=== EXTRACTED MATERIAL ===
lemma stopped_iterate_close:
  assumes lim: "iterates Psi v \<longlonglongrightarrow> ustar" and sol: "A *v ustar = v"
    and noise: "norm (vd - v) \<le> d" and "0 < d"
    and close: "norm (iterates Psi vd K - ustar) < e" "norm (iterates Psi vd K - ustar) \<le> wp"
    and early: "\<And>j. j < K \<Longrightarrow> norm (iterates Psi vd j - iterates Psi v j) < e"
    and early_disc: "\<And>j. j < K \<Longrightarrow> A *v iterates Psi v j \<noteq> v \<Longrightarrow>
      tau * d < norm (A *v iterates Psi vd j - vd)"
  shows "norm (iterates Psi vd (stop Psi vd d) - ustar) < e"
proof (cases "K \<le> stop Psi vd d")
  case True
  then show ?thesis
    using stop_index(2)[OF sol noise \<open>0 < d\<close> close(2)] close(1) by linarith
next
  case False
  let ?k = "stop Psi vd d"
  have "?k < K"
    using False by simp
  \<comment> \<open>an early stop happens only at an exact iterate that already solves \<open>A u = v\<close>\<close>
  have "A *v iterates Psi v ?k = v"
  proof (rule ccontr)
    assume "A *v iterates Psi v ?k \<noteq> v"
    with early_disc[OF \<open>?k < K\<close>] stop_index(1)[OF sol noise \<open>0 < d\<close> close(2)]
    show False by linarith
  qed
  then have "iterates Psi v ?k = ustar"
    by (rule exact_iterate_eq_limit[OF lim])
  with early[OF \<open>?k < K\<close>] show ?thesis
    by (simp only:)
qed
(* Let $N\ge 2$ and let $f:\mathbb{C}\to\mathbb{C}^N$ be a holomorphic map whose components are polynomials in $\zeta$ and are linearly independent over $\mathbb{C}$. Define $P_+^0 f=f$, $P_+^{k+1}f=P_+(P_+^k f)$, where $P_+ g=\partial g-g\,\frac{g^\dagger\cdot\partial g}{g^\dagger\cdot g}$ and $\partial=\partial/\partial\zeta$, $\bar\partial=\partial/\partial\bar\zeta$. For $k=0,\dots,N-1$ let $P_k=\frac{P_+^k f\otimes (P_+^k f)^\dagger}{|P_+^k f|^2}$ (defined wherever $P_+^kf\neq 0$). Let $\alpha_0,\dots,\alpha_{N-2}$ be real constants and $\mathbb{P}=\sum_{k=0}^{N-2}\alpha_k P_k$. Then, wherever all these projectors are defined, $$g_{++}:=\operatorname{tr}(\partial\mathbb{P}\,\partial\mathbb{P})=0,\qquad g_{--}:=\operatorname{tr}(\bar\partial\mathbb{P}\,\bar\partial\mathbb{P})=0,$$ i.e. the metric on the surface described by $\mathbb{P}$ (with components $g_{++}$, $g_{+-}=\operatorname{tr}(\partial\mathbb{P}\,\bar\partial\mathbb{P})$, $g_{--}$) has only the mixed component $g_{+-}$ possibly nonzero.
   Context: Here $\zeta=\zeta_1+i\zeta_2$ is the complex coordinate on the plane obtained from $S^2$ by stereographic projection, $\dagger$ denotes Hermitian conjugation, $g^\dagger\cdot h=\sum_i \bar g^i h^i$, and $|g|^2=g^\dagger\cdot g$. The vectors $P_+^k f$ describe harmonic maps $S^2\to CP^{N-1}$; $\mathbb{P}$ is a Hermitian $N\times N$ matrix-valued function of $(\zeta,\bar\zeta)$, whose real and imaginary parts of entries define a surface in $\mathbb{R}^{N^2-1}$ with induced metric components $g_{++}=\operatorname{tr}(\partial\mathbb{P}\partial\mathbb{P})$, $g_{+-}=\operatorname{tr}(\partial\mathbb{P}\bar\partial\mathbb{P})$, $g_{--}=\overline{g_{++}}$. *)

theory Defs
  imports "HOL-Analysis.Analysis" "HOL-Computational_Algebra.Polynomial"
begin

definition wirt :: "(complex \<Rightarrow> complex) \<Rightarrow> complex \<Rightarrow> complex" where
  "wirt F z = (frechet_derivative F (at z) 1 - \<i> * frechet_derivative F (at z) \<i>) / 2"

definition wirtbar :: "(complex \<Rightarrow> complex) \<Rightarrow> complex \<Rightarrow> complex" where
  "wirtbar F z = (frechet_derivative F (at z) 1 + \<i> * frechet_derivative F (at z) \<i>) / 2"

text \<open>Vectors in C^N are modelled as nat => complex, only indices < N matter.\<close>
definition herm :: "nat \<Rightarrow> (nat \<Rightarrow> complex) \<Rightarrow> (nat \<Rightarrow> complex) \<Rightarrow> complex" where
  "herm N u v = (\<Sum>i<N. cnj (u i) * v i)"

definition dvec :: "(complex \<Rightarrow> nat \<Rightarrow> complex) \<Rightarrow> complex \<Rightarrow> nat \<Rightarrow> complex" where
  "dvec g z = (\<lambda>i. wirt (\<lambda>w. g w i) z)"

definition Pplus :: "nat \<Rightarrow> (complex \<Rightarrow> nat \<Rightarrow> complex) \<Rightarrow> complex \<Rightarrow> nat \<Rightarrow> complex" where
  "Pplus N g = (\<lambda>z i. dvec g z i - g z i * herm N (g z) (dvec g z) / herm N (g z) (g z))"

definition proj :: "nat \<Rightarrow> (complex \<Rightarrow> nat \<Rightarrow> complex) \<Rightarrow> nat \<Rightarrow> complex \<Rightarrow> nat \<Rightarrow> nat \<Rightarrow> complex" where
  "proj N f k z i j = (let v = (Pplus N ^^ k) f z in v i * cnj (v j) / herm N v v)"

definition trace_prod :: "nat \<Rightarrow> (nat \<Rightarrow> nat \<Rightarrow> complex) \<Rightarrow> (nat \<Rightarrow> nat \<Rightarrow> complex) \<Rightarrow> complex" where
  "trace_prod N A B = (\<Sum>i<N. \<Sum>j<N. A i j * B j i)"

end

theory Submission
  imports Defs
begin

--

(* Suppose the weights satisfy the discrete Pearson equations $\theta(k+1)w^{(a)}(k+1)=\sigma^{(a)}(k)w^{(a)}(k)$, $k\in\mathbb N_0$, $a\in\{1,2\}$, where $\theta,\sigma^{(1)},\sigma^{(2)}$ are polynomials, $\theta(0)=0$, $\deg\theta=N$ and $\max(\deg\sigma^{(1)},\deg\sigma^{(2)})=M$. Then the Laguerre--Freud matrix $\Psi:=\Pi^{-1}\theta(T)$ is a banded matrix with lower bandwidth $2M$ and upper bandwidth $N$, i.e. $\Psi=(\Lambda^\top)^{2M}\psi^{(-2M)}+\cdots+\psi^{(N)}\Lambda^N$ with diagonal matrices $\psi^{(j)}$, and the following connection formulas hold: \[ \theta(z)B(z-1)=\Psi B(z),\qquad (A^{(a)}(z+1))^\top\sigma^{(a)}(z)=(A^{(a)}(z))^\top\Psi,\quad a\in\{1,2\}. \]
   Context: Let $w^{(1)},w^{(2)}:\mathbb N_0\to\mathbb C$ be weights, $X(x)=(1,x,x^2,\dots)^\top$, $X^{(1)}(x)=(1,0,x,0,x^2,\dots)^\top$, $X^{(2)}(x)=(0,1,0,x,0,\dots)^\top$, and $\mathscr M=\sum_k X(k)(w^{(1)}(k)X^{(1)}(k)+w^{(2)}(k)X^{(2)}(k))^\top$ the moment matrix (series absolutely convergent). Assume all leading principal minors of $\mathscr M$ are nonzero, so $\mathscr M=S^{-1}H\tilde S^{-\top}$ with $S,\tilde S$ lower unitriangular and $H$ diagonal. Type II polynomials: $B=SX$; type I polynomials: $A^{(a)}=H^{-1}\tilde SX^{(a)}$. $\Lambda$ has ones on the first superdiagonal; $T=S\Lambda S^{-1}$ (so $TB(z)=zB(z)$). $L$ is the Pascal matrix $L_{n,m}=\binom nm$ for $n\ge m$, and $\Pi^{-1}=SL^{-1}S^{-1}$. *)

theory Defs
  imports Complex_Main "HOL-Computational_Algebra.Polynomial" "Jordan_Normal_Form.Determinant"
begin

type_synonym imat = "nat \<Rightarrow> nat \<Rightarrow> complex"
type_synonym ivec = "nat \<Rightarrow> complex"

==

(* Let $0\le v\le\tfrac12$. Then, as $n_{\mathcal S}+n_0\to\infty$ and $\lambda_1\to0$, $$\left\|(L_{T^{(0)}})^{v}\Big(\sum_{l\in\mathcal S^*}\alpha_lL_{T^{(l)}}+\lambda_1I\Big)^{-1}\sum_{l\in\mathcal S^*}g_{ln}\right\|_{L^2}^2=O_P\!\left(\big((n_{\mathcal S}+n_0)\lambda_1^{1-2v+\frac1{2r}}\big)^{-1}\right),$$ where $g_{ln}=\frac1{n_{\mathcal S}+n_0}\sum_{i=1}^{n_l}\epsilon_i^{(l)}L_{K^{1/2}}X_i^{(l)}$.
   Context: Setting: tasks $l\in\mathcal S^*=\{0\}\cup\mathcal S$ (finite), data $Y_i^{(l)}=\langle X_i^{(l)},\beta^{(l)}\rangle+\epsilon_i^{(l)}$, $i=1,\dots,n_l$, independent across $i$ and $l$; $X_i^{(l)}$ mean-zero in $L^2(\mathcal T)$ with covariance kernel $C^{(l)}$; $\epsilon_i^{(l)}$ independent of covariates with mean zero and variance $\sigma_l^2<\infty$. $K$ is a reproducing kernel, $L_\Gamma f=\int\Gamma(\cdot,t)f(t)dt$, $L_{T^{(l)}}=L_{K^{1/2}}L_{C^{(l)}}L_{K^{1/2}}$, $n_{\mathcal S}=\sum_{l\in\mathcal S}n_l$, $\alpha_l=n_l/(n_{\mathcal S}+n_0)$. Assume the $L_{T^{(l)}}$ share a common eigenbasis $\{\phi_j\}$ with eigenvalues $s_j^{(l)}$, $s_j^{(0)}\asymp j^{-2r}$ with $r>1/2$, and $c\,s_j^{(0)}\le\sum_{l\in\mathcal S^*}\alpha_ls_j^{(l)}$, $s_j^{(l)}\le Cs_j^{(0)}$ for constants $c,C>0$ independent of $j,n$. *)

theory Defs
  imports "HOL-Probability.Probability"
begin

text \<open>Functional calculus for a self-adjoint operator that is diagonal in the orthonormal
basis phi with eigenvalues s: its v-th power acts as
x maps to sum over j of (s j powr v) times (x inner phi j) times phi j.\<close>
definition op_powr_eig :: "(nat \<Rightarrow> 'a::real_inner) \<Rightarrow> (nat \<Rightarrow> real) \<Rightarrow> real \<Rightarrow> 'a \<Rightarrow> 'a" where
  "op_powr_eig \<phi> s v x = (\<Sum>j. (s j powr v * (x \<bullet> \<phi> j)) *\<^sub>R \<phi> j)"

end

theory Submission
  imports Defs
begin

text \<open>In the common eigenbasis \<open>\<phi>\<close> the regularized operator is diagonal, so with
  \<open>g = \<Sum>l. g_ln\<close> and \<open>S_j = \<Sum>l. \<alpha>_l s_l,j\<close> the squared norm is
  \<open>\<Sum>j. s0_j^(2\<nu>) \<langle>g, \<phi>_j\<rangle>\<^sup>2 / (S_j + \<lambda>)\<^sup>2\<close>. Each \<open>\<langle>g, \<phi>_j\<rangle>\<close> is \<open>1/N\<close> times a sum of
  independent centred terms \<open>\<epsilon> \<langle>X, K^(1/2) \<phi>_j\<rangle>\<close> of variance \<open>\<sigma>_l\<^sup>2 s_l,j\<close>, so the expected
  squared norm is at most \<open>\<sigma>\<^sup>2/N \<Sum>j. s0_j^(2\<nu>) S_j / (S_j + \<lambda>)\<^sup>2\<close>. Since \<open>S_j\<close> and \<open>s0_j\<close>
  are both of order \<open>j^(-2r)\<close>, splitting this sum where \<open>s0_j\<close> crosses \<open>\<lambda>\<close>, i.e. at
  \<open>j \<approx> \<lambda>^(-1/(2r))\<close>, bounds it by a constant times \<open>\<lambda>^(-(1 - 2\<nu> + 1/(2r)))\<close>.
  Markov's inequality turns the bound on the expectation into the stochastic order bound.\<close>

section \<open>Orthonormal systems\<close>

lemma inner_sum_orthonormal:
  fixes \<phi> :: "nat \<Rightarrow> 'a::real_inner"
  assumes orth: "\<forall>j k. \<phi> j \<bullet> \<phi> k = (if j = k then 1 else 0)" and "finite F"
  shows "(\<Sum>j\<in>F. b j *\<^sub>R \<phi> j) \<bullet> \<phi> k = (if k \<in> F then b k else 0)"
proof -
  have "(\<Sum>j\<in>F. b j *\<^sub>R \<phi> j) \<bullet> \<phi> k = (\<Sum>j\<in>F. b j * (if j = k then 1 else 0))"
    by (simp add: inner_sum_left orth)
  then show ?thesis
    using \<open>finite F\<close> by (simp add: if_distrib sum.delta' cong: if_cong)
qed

=== TO DO ===
If a line of the listing above holds the string "shows", copy it.

=== SOLUTION TO THE EXERCISE ===
  shows "norm (iterates Psi vd (stop Psi vd d) - ustar) < e"
  shows "(\<Sum>j\<in>F. b j *\<^sub>R \<phi> j) \<bullet> \<phi> k = (if k \<in> F then b k else 0)"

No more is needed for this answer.